WHAT NEEDS TO BE DONE:
Return only the stretch of the material below that begins with the line containing "imports Defs" and ends with the line containing "divisible by k;", exactly; both of those lines belong to it.

• • • • • • •

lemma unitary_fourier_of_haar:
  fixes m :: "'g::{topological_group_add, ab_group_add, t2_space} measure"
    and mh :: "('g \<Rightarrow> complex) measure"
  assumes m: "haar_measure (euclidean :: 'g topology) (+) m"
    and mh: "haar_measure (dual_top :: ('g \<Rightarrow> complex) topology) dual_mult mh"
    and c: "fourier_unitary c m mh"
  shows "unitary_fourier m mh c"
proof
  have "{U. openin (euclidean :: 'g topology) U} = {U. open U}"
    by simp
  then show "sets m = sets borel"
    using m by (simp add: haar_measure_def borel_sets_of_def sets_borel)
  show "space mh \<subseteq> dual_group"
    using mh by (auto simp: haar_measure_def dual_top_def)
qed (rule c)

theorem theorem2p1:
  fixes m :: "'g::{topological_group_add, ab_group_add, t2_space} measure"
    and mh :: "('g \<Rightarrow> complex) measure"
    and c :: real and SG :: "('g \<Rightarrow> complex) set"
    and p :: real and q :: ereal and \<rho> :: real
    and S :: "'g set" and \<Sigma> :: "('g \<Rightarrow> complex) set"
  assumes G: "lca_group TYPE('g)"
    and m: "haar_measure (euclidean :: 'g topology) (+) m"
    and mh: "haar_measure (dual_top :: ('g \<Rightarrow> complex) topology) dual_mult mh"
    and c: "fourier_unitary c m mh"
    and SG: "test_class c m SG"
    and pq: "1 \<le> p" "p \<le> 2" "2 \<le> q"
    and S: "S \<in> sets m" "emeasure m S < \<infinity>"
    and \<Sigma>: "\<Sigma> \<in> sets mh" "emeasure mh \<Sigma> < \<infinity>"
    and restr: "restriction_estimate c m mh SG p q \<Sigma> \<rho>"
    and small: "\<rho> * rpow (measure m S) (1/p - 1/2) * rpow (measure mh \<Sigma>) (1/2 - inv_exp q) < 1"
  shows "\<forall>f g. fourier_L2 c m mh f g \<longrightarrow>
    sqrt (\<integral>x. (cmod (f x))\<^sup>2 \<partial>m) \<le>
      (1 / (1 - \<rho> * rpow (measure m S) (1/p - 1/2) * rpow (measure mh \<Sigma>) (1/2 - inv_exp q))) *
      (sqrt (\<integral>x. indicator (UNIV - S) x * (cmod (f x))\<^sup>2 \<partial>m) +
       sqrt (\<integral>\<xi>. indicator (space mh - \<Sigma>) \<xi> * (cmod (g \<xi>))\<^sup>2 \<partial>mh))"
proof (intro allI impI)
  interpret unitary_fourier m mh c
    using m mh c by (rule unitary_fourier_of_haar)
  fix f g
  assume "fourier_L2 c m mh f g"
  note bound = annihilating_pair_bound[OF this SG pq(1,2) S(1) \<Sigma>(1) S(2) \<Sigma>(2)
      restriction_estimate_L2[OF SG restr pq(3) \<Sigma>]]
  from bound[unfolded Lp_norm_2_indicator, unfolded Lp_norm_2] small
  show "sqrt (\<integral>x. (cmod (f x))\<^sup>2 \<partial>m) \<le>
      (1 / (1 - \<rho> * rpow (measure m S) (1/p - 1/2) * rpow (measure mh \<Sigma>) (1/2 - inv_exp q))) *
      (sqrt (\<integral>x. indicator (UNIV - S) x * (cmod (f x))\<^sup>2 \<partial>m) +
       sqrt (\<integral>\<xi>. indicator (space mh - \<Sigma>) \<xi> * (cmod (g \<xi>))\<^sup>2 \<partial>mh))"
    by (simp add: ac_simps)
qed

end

• • • • • • •

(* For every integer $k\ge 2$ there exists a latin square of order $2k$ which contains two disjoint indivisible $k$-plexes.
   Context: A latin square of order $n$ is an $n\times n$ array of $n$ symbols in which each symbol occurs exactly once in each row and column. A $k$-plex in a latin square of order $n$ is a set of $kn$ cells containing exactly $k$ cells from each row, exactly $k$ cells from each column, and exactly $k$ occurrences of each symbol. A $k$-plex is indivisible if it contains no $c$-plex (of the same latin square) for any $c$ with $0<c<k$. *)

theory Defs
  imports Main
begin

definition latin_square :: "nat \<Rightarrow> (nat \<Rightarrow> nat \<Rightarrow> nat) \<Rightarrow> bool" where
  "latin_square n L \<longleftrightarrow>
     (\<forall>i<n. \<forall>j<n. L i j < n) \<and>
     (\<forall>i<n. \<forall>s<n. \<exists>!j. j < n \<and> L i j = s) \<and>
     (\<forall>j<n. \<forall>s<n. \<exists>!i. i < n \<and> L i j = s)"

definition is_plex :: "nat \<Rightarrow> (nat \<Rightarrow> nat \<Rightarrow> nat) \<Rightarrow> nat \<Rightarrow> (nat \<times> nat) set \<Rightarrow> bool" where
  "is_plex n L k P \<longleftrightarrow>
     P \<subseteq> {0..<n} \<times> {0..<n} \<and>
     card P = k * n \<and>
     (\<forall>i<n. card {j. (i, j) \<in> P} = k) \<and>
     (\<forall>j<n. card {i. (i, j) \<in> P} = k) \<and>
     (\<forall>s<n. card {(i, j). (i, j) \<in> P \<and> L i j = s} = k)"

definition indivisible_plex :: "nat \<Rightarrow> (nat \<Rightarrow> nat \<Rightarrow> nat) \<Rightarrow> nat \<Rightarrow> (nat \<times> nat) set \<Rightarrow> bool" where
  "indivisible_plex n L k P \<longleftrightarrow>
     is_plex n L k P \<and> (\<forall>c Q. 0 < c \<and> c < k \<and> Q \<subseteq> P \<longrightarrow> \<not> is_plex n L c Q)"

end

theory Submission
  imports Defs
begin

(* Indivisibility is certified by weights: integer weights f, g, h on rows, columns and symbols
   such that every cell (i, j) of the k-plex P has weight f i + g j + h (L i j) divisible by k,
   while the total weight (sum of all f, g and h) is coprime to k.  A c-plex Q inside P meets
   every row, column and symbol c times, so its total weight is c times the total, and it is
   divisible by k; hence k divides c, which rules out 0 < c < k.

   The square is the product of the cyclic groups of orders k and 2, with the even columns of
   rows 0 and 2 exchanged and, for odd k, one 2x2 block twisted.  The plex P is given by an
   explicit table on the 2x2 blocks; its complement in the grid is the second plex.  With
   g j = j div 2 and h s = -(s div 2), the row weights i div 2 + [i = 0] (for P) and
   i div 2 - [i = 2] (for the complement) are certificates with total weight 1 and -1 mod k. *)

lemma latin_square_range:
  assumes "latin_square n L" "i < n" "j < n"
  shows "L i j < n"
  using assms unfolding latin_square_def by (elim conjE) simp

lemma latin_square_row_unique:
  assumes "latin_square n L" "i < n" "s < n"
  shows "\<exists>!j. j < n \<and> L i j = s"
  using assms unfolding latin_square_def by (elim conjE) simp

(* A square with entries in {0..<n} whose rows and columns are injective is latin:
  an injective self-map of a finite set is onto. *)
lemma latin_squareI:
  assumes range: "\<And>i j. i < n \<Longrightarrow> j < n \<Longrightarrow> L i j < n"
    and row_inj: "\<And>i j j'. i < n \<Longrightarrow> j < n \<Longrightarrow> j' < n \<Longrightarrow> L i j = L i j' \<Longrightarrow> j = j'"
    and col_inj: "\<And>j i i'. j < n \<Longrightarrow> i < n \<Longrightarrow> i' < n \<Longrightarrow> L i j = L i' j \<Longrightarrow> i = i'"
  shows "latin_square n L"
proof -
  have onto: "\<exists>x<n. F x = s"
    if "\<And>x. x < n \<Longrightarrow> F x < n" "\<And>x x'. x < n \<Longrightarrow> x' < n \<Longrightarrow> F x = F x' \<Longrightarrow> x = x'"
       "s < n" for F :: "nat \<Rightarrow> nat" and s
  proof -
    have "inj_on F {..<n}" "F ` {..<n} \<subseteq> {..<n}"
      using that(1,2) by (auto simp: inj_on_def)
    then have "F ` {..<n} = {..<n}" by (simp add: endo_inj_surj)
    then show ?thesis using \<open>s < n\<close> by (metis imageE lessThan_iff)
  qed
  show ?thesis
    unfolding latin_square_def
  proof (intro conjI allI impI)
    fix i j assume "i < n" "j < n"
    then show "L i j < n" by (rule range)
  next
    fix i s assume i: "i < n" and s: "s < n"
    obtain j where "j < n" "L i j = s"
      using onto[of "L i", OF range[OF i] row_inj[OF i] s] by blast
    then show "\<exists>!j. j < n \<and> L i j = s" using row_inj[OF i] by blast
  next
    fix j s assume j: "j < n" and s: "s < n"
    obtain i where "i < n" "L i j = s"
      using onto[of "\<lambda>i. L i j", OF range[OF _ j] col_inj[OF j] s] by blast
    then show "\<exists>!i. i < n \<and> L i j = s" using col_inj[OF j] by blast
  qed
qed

• • • • • • •

SOLUTION BELOW:
  imports Defs
begin

(* Indivisibility is certified by weights: integer weights f, g, h on rows, columns and symbols
   such that every cell (i, j) of the k-plex P has weight f i + g j + h (L i j) divisible by k,
   while the total weight (sum of all f, g and h) is coprime to k.  A c-plex Q inside P meets
   every row, column and symbol c times, so its total weight is c times the total, and it is
   divisible by k; hence k divides c, which rules out 0 < c < k.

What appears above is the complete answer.